The cadre thing came much later. Ijeoma was a teen then. Mornanians had far superior technology than the West and the Orient. Western Africa had become the new frontier. Foreign exchange was pouring in. Nigerians closest to the extraterrestrial-generated wealth sought to distinguish themselves. They became H1s. The politicians and elites moved into bed with them. The middle class wanted peculiarity also; H2s. Low income earners had no choice; H3s.
Over time, people have become comfortable in their designated cadres and although hypergamy is prevalent amongst humans, a cross between both species is biologically impossible, so the M stands exclusive to Mornanians.
Ijeoma wonders if those teens consider politics before making friends. She isn’t sure they do, she isn’t sure they should.
***
Ijeoma walks into the alcohol section, a tad relieved she’s gotten everything on her list, save a bottle of wine. Here, bottles are shelved according to type and prescription. There are human drinks Mornanians are discouraged from purchasing, to avoid allergic reactions. There are chemical mixtures Mornanians take, like ethanol cum lime juice, which are lethal to humans and as such cannot be sold to them.
At the counter, these products require IT checks before they are sold.
Ijeoma wavers between buying white wine and champagne. She pictures Onyedika complaining about how expensive a Moet is, and grabs a Fontera instead. To her right, a middle-aged male gently collects bottles of gin into his cart. He looks up, ogles her for a few seconds, then winks. His characteristic light skin and purple eyes give him away as Mornanian. Ijeoma frowns and turns away. Everyone knows Mornanian males fetishise Nigerian women. She feels insulted by what some might consider harmless flirtation.
***
Ijeoma doesn’t move a step to close the gap in the queue before the counter.

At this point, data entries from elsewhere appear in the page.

locale intro_match =
  fixes R :: "trm \<Rightarrow> trm \<Rightarrow> bool" and G :: "trm list" and A intro match :: trm
  assumes A_type: "hastype R G A (Srt Box)"
    and intro_type: "hastype R G intro (Arr (TT A) A)"
    and match_type: "hastype R G match (Arr A (TT A))"
    and match_intro: "\<And>D u p. hastype R (D @ G) u (lift (length D) 0 (TT A)) \<Longrightarrow>
                 hastype R (D @ G) p (lift (length D) 0 (Pow A)) \<Longrightarrow>
      conv R
        (App (App (lift (length D) 0 match) (App (lift (length D) 0 intro) u)) p)
        (App u (Lam (lift (length D) 0 A)
           (App (lift 1 0 p)
              (App (lift (Suc (length D)) 0 intro)
                 (App (lift (Suc (length D)) 0 match) (Var 0))))))"
begin

text \<open>Everything below lives at depth \<open>k\<close>: in a context \<open>\<Gamma>\<close> extending \<open>G\<close> by \<open>k\<close>
  well-typed declarations, where the constants of \<open>G\<close> appear lifted by \<open>k\<close>.\<close>

abbreviation "Ak k \<equiv> lift k 0 A"
abbreviation "intro_at k \<equiv> lift k 0 intro"
abbreviation "match_at k \<equiv> lift k 0 match"
abbreviation "PowA k \<equiv> Pi (Ak k) (Srt Star)"
abbreviation "TA k \<equiv> Pi (PowA k) (Srt Star)"
abbreviation "mem k x p \<equiv> App (App (match_at k) x) p"
abbreviation "rho k x \<equiv> App (intro_at k) (App (match_at k) x)"
abbreviation "pre k p \<equiv> Lam (Ak k) (App (lift 1 0 p) (rho (Suc k) (Var 0)))"
abbreviation "Ind k p \<equiv> Pi (Ak k) (Pi (mem (Suc k) (Var 0) (lift 1 0 p)) (App (lift 2 0 p) (Var 1)))"
abbreviation "IndPred k \<equiv> Lam (PowA k) (Ind (Suc k) (Var 0))"
abbreviation "Omega k \<equiv> App (intro_at k) (IndPred k)"
abbreviation "Q k y \<equiv>
  Pi (PowA k) (Pi (mem (Suc k) (lift 1 0 y) (Var 0)) (App (Var 1) (rho (Suc (Suc k)) (lift 2 0 y))))"
abbreviation "Delta k \<equiv> Lam (Ak k) (Pi (Q (Suc k) (Var 0)) Bot)"

declare numeral_2_eq_2 [simp] \<comment> \<open>\<open>lift_lift\<close> computes \<open>lift (Suc (Suc 0))\<close>\<close>

abbreviation "extends \<Gamma> k \<equiv> ctx_ext R G \<Gamma> k"
abbreviation "ht \<Gamma> t T \<equiv> hastype R \<Gamma> t T"

lemma ty_A: "extends \<Gamma> k \<Longrightarrow> ht \<Gamma> (Ak k) (Srt Box)"
  using ctx_ext_lift[OF _ A_type] by simp

lemma ty_intro: "extends \<Gamma> k \<Longrightarrow> ht \<Gamma> (intro_at k) (Pi (TA k) (Ak (Suc k)))"
  using ctx_ext_lift[OF _ intro_type] by (simp add: Arr_def TT_def Pow_def)

lemma ty_match: "extends \<Gamma> k \<Longrightarrow> ht \<Gamma> (match_at k) (Pi (Ak k) (TA (Suc k)))"
  using ctx_ext_lift[OF _ match_type] by (simp add: Arr_def TT_def Pow_def)

lemma ty_star: "extends \<Gamma> k \<Longrightarrow> ht \<Gamma> (Srt Star) (Srt Box)"
  using hastype_star_box ty_A by blast

lemma extends_A: "extends \<Gamma> k \<Longrightarrow> extends (Ak k # \<Gamma>) (Suc k)"
  using ctx_ext_cons ty_A by blast

lemma ty_PowA: "extends \<Gamma> k \<Longrightarrow> ht \<Gamma> (PowA k) (Srt Box)"
  by (rule hastype.pi[OF ty_A ty_star[OF extends_A] prule.intros(2)])

lemma extends_PowA: "extends \<Gamma> k \<Longrightarrow> extends (PowA k # \<Gamma>) (Suc k)"
  using ctx_ext_cons ty_PowA by blast

lemma ty_TA: "extends \<Gamma> k \<Longrightarrow> ht \<Gamma> (TA k) (Srt Box)"
  by (rule hastype.pi[OF ty_PowA ty_star[OF extends_PowA] prule.intros(2)])

lemma ty_Bot: "extends \<Gamma> k \<Longrightarrow> ht \<Gamma> Bot (Srt Star)"
  unfolding Bot_def
  by (rule hastype.pi[OF ty_star hastype_var0_eq[OF ty_star] prule.intros(3)]) simp_all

The woman in front has a loud voice and keeps arguing with the cashier as she removes items from her cart. Apparently, she cannot afford some of the things she had picked.
Ijeoma wonders what her mom would have said about this woman. She surely would have finished her. This thought amuses Ijeoma, and she stifles a snigger.

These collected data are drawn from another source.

lemma harmonic_ge_hopf_barrier:
  fixes u :: "real^'n \<Rightarrow> real"
  assumes harm: "harmonic_on u S" and "cball q R \<subseteq> S" and nonneg: "\<forall>x\<in>cball q R. 0 \<le> u x"
    and "0 < u q" and "0 < R"
  obtains \<epsilon> \<alpha> r where "0 < \<epsilon>" "0 < \<alpha>" "0 < r" "r < R"
    "\<And>x. r \<le> norm (x - q) \<Longrightarrow> norm (x - q) \<le> R \<Longrightarrow>
      \<epsilon> * (exp (- \<alpha> * (norm (x - q))\<^sup>2) - exp (- \<alpha> * R\<^sup>2)) \<le> u x"
proof -
  define \<epsilon> where "\<epsilon> = u q / 2"
  have "\<epsilon> > 0" using \<open>0 < u q\<close> by (simp add: \<epsilon>_def)
  obtain r where "0 < r" "r < R" and near_q: "\<And>x. norm (x - q) \<le> r \<Longrightarrow> \<epsilon> \<le> u x"
  proof -
    have "q \<in> S" using \<open>cball q R \<subseteq> S\<close> \<open>0 < R\<close> by auto
    then have "continuous (at q) u"
      using harm differentiable_imp_continuous_within differentiable_on_eq_differentiable_at
      unfolding harmonic_on_def by blast
    then have "\<forall>\<^sub>F x in nhds q. \<epsilon> < u x"
      unfolding continuous_at tendsto_at_iff_tendsto_nhds
      by (rule order_tendstoD(1)) (simp add: \<epsilon>_def \<open>0 < u q\<close>)
    then obtain \<delta> where "\<delta> > 0" and \<delta>: "\<And>x. dist x q \<le> \<delta> \<Longrightarrow> \<epsilon> < u x"
      unfolding eventually_nhds_metric_le by auto
    show thesis
      by (rule that[of "min \<delta> (R / 2)"]) (use \<open>\<delta> > 0\<close> \<open>0 < R\<close> \<delta> in \<open>auto simp: dist_norm less_imp_le\<close>)
  qed
  define \<alpha> where "\<alpha> = real CARD('n) / r\<^sup>2 + 1"
  have "2 * \<alpha> * r\<^sup>2 = 2 * real CARD('n) + 2 * r\<^sup>2"
    using \<open>0 < r\<close> by (simp add: \<alpha>_def field_simps)
  then have big: "real CARD('n) < 2 * \<alpha> * r\<^sup>2"
    using \<open>0 < r\<close> by (simp add: add_pos_nonneg)
  have "0 < \<alpha>" by (simp add: \<alpha>_def add_nonneg_pos)
  show thesis
  proof (rule that[OF \<open>\<epsilon> > 0\<close> \<open>0 < \<alpha>\<close> \<open>0 < r\<close> \<open>r < R\<close>])
    fix x assume x: "r \<le> norm (x - q)" "norm (x - q) \<le> R"
    have "- \<epsilon> * exp (- \<alpha> * R\<^sup>2) \<le> u x - \<epsilon> * exp (- \<alpha> * (norm (x - q))\<^sup>2)"
    proof (rule harmonic_minus_gaussian_min_principle_annulus[OF harm \<open>cball q R \<subseteq> S\<close> \<open>\<epsilon> > 0\<close> \<open>0 < r\<close> big _ x])
      fix x assume "norm (x - q) = r \<or> norm (x - q) = R"
      then show "- \<epsilon> * exp (- \<alpha> * R\<^sup>2) \<le> u x - \<epsilon> * exp (- \<alpha> * (norm (x - q))\<^sup>2)"
      proof
        assume "norm (x - q) = r"
        moreover have "\<epsilon> * exp (- \<alpha> * r\<^sup>2) \<le> \<epsilon>"
          using \<open>0 < \<alpha>\<close> \<open>\<epsilon> > 0\<close> by (intro mult_left_le) auto
        moreover have "0 < \<epsilon> * exp (- \<alpha> * R\<^sup>2)" using \<open>\<epsilon> > 0\<close> by simp
        ultimately show ?thesis using near_q[of x] by simp
      next
        assume "norm (x - q) = R"
        then show ?thesis using nonneg by (simp add: dist_norm norm_minus_commute)
      qed
    qed
    then show "\<epsilon> * (exp (- \<alpha> * (norm (x - q))\<^sup>2) - exp (- \<alpha> * R\<^sup>2)) \<le> u x"
      by (simp add: algebra_simps)
  qed
qed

She approaches the counter when the woman is done and gone.
‘Good afternoon,’ she says.
‘Good afternoon, ma,’ the cashier greets, smiling and showing a gap-tooth.
Ijeoma drops her basket on the clearing table and the gap-tooth girl begins to retrieve her purchases, scanning and bagging them.

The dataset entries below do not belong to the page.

lemma fixpoint_poly_root_imp_fixpoint:
  assumes "coprime p q" and "poly (p - [:0, 1:] * q) z = 0"
  shows "poly q z \<noteq> 0" and "rat_fun p q z = z"
proof -
  have pz: "poly p z = z * poly q z"
    using assms(2) by simp
  show "poly q z \<noteq> 0"
    using coprime_poly_0[OF assms(1), of z] pz by auto
  thus "rat_fun p q z = z"
    using pz by (simp add: rat_fun_def)
qed

section \<open>Counting roots in a region\<close>

definition root_count :: "complex poly \<Rightarrow> complex set \<Rightarrow> nat" where
  "root_count r S = (\<Sum>z\<in>{z\<in>S. poly r z = 0}. order z r)"

lemma pole_count_eq_root_count: "pole_count p q S = root_count q S"
  by (simp add: pole_count_def root_count_def)

lemma fixpt_count_eq_root_count: "fixpt_count p q S = root_count (p - [:0, 1:] * q) S"
  by (simp add: fixpt_count_def root_count_def)

lemma root_count_UNIV:
  assumes "r \<noteq> 0"
  shows "root_count r UNIV = degree r"
proof -
  have "degree r = size (proots r)"
    by (simp add: size_proots_complex)
  also have "\<dots> = (\<Sum>z\<in>set_mset (proots r). count (proots r) z)"
    by (rule size_multiset_overloaded_eq)
  also have "\<dots> = root_count r UNIV"
    using assms unfolding root_count_def by (intro sum.cong) (auto simp: count_proots)
  finally show ?thesis ..
qed

lemma root_count_superset:
  assumes "r \<noteq> 0" and "{z. poly r z = 0} \<subseteq> S"
  shows "root_count r S = degree r"
proof -
  have "{z\<in>S. poly r z = 0} = {z\<in>UNIV. poly r z = 0}"
    using assms by auto
  thus ?thesis
    using root_count_UNIV[OF assms(1)] by (simp add: root_count_def)
qed

lemma root_count_UN:
  assumes "r \<noteq> 0" and "finite K"
    and "\<And>i j. i \<in> K \<Longrightarrow> j \<in> K \<Longrightarrow> i \<noteq> j \<Longrightarrow> A i \<inter> A j = {}"
  shows "root_count r (\<Union>k\<in>K. A k) = (\<Sum>k\<in>K. root_count r (A k))"
proof -
  have fin: "finite {z. poly r z = 0}"
    using assms(1) by (simp add: poly_roots_finite)
  have "{z\<in>(\<Union>k\<in>K. A k). poly r z = 0} = (\<Union>k\<in>K. {z\<in>A k. poly r z = 0})"
    by auto
  thus ?thesis
    unfolding root_count_def
    by (simp only:) (rule sum.UNION_disjoint; use assms fin in \<open>auto intro: finite_subset\<close>)
qed

lemma root_count_Compl:
  assumes "r \<noteq> 0"
  shows "root_count r S + root_count r (- S) = degree r"
proof -
  have "root_count r (\<Union>b\<in>{True, False}. if b then S else - S) = degree r"
    using assms by (intro root_count_superset) auto
  thus ?thesis
    using root_count_UN[OF assms, of "{True, False}" "\<lambda>b. if b then S else - S"] by auto
qed

lemma root_count_Compl_Union:
  fixes q r :: "complex poly" and I :: "'k \<Rightarrow> complex set"
  assumes "q \<noteq> 0" and "r \<noteq> 0" and "degree r = Suc (degree q)" and "finite K"
    and disj: "\<And>i j. i \<in> K \<Longrightarrow> j \<in> K \<Longrightarrow> i \<noteq> j \<Longrightarrow> I i \<inter> I j = {}"
    and roots: "{z. poly r z = 0} \<subseteq> (\<Union>k\<in>K. I k)"
    and balanced: "\<And>k. k \<in> K \<Longrightarrow> root_count q (- I k) = root_count r (- I k)"
  shows "root_count q (- (\<Union>k\<in>K. I k)) = card K - 1"
proof -
  have "root_count r (I k) = Suc (root_count q (I k))" if "k \<in> K" for k
    using root_count_Compl[OF \<open>q \<noteq> 0\<close>, of "I k"] root_count_Compl[OF \<open>r \<noteq> 0\<close>, of "I k"]
      balanced[OF that] \<open>degree r = Suc (degree q)\<close> by linarith
  hence "Suc (degree q) = (\<Sum>k\<in>K. Suc (root_count q (I k)))"
    using root_count_superset[OF \<open>r \<noteq> 0\<close> roots] root_count_UN[of r K I, OF \<open>r \<noteq> 0\<close> \<open>finite K\<close> disj]
      \<open>degree r = Suc (degree q)\<close> by simp
  also have "\<dots> = card K + root_count q (\<Union>k\<in>K. I k)"
    using root_count_UN[of q K I, OF \<open>q \<noteq> 0\<close> \<open>finite K\<close> disj] by (simp add: sum_Suc)
  finally show ?thesis
    using root_count_Compl[OF \<open>q \<noteq> 0\<close>, of "\<Union>k\<in>K. I k"] by linarith
qed

section \<open>Jordan separations of the plane\<close>

definition jordan_separation :: "complex set \<Rightarrow> complex set \<Rightarrow> complex set \<Rightarrow> bool" where
  "jordan_separation G I E \<longleftrightarrow>
     open I \<and> open E \<and> I \<inter> E = {} \<and> I \<union> E = - G \<and> G \<subseteq> closure I \<and> G \<subseteq> closure E"

lemma jordan_separation_commute: "jordan_separation G I E \<longleftrightarrow> jordan_separation G E I"
  by (auto simp: jordan_separation_def)

lemma jordan_separation_closure:
  assumes "jordan_separation G I E"
  shows "closure E = - I"
proof
  show "closure E \<subseteq> - I"
    using assms by (intro closure_minimal) (auto simp: jordan_separation_def)
  show "- I \<subseteq> closure E"
    using assms closure_subset unfolding jordan_separation_def by blast
qed

lemma jordan_separation_closed:
  assumes "jordan_separation G I E"
  shows "closed G"
proof -
  have "open (- G)"
    using assms by (metis jordan_separation_def open_Un)
  thus ?thesis
    by (simp add: closed_def)
qed

lemma jordan_separation_connected_cases:
  assumes "jordan_separation G I E" and "connected D" and "D \<inter> G = {}"
  shows "D \<subseteq> I \<or> D \<subseteq> E"
proof -
  have "D \<subseteq> I \<union> E" and "I \<inter> E \<inter> D = {}"
    using assms by (auto simp: jordan_separation_def)
  thus ?thesis
    using connectedD[OF \<open>connected D\<close>, of I E] assms(1) by (auto simp: jordan_separation_def)
qed

lemma jordan_separation_ball_meets:
  assumes "jordan_separation G I E" and "w \<in> G" and "e > 0"
  shows "ball w e \<inter> I \<noteq> {}" and "ball w e \<inter> E \<noteq> {}"
proof -
  have "w \<in> closure I" "w \<in> closure E"
    using assms(1,2) by (auto simp: jordan_separation_def)
  thus "ball w e \<inter> I \<noteq> {}" "ball w e \<inter> E \<noteq> {}"
    using \<open>e > 0\<close> by (metis closure_approachable dist_commute disjoint_iff mem_ball)+
qed

lemma jordan_separation_islimpt:
  assumes sep: "jordan_separation G I E" and "w \<in> G"
  shows "w islimpt G"
proof (rule ccontr)
  assume "\<not> w islimpt G"
  then obtain d where "d > 0" and d: "\<And>v. v \<in> G \<Longrightarrow> v \<noteq> w \<Longrightarrow> d \<le> dist v w"
    unfolding islimpt_approachable by (auto simp: not_less)
  define D where "D = ball w d - {w}"
  have "connected D"
    unfolding D_def by (rule connected_punctured_ball) simp
  moreover have "D \<inter> G = {}"
    using d by (auto simp: D_def dist_commute) (metis not_le)
  ultimately have "D \<subseteq> I \<or> D \<subseteq> E"
    by (rule jordan_separation_connected_cases[OF sep])
  moreover have "w \<notin> I" "w \<notin> E"
    using sep \<open>w \<in> G\<close> by (auto simp: jordan_separation_def)
  hence "D \<inter> I \<noteq> {}" and "D \<inter> E \<noteq> {}"
    using jordan_separation_ball_meets[OF sep \<open>w \<in> G\<close> \<open>d > 0\<close>] by (auto simp: D_def)
  moreover have "I \<inter> E = {}"
    using sep by (simp add: jordan_separation_def)
  ultimately show False
    by blast
qed

text \<open>
  Points \<open>v\<close> of \<open>G k\<close> lying on no other curve accumulate at \<open>z\<close>. A small disc around such a
  \<open>v\<close> misses the other curves and meets \<open>I k\<close>, hence lies in every other exterior; so its
  points in \<open>E k\<close> lie in all exteriors.
\<close>

lemma jordan_curve_point_in_closure_Inter_exteriors:
  assumes "finite K" and "k \<in> K" and "z \<in> G k"
    and sep: "\<And>k. k \<in> K \<Longrightarrow> jordan_separation (G k) (I k) (E k)"
    and disj: "\<And>i j. i \<in> K \<Longrightarrow> j \<in> K \<Longrightarrow> i \<noteq> j \<Longrightarrow> I i \<inter> I j = {}"
    and fin: "\<And>i j. i \<in> K \<Longrightarrow> j \<in> K \<Longrightarrow> i \<noteq> j \<Longrightarrow> finite (G i \<inter> G j)"
  shows "z \<in> closure (\<Inter>k\<in>K. E k)"
  unfolding closure_approachable
proof (intro allI impI)
  fix e :: real
  assume "e > 0"
  define F where "F = (\<Union>j\<in>K - {k}. G j)"
  have "closed F"
    unfolding F_def using \<open>finite K\<close> sep by (intro closed_UN) (auto intro: jordan_separation_closed)
  have "finite (\<Union>j\<in>K - {k}. G k \<inter> G j)"
    using \<open>finite K\<close> fin \<open>k \<in> K\<close> by (intro finite_UN_I) auto
  moreover have "G k \<inter> F = (\<Union>j\<in>K - {k}. G k \<inter> G j)"
    unfolding F_def by blast
  ultimately have "finite (G k \<inter> F)"
    by (simp only:)
  moreover have "z islimpt (G k \<inter> F) \<union> (G k - F)"
    using jordan_separation_islimpt[OF sep[OF \<open>k \<in> K\<close>] \<open>z \<in> G k\<close>] by (simp add: Int_Diff_Un)
  ultimately have "z islimpt G k - F"
    using islimpt_Un_finite by blast
  then obtain v where v: "v \<in> G k" "v \<notin> F" "dist v z < e / 2"
    using \<open>e > 0\<close> unfolding islimpt_approachable by (meson Diff_iff half_gt_zero)
  obtain d where "d > 0" and "ball v d \<subseteq> - F"
    using \<open>closed F\<close> v(2) open_contains_ball_eq[of "- F"] by (auto simp: closed_def)
  define D where "D = ball v (min d (e / 2))"
  have "min d (e / 2) > 0"
    using \<open>d > 0\<close> \<open>e > 0\<close> by simp
  note meets = jordan_separation_ball_meets[OF sep[OF \<open>k \<in> K\<close>] v(1) this, folded D_def]
  have "D \<subseteq> E j" if "j \<in> K" "j \<noteq> k" for j
  proof -
    have "D \<inter> G j = {}"
      using \<open>ball v d \<subseteq> - F\<close> that by (auto simp: D_def F_def)
    hence "D \<subseteq> I j \<or> D \<subseteq> E j"
      by (intro jordan_separation_connected_cases[OF sep[OF \<open>j \<in> K\<close>]]) (simp_all add: D_def)
    thus ?thesis
      using meets(1) disj[OF that(1) \<open>k \<in> K\<close> that(2)] by blast
  qed
  moreover obtain u where "u \<in> E k" "u \<in> D"
    using meets(2) by blast
  ultimately have "u \<in> (\<Inter>k\<in>K. E k)"
    by blast
  moreover have "dist u z < e"
    using \<open>u \<in> D\<close> v(3) dist_triangle[of u z v] by (simp add: D_def dist_commute)
  ultimately show "\<exists>y\<in>\<Inter>k\<in>K. E k. dist y z < e"
    by blast
qed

Ijeoma finds herself humming a tune.
‘Madam, you can’t buy this item,’ the girl says.
The tune dies in her throat and she looks at the girl who is raising the sunscreen lotion she picked.
‘Why not?’ Ijeoma frowns.
The girl stutters. ‘Sorry, ma. Can I see your IT?’
Ijeoma isn’t sure what the kid is playing at. She stretches forth her right arm. Along the line of her wrist, her Identification Tattoo reads: H2-5.370.182.
‘I’m correct, ma. You can’t buy this item. It is only for Ms and H1s.
Ijeoma feels bile rise up in her belly. The urge to slap the insolence out of the little maggot’s mouth envelopes her.
‘Are you a mad person? Sunscreen? I buy this thing every time!’
‘I’m sorry, ma. It’s a new policy. Their prescription tags will be added to them on the shelves soon.’
Ijeoma can understand prescription tags in the alcohol section. She even accepts the fact that civilians are not allowed to buy extraterrestrial tech. But sunscreen?
‘What’s going on? It’s sunscreen!’
The girl leans forward. ‘I’m sorry, ma. Management says H2s and H3s do not need it.’
Ijeoma can see the girl is genuinely apologetic.
The feeling of frustration in her gut is foreign to her. She wonders what the world is coming to. In this moment, she is almost thankful her mom isn’t alive to see this nonsense.
‘Fucking aliens and rich people!’ she hisses.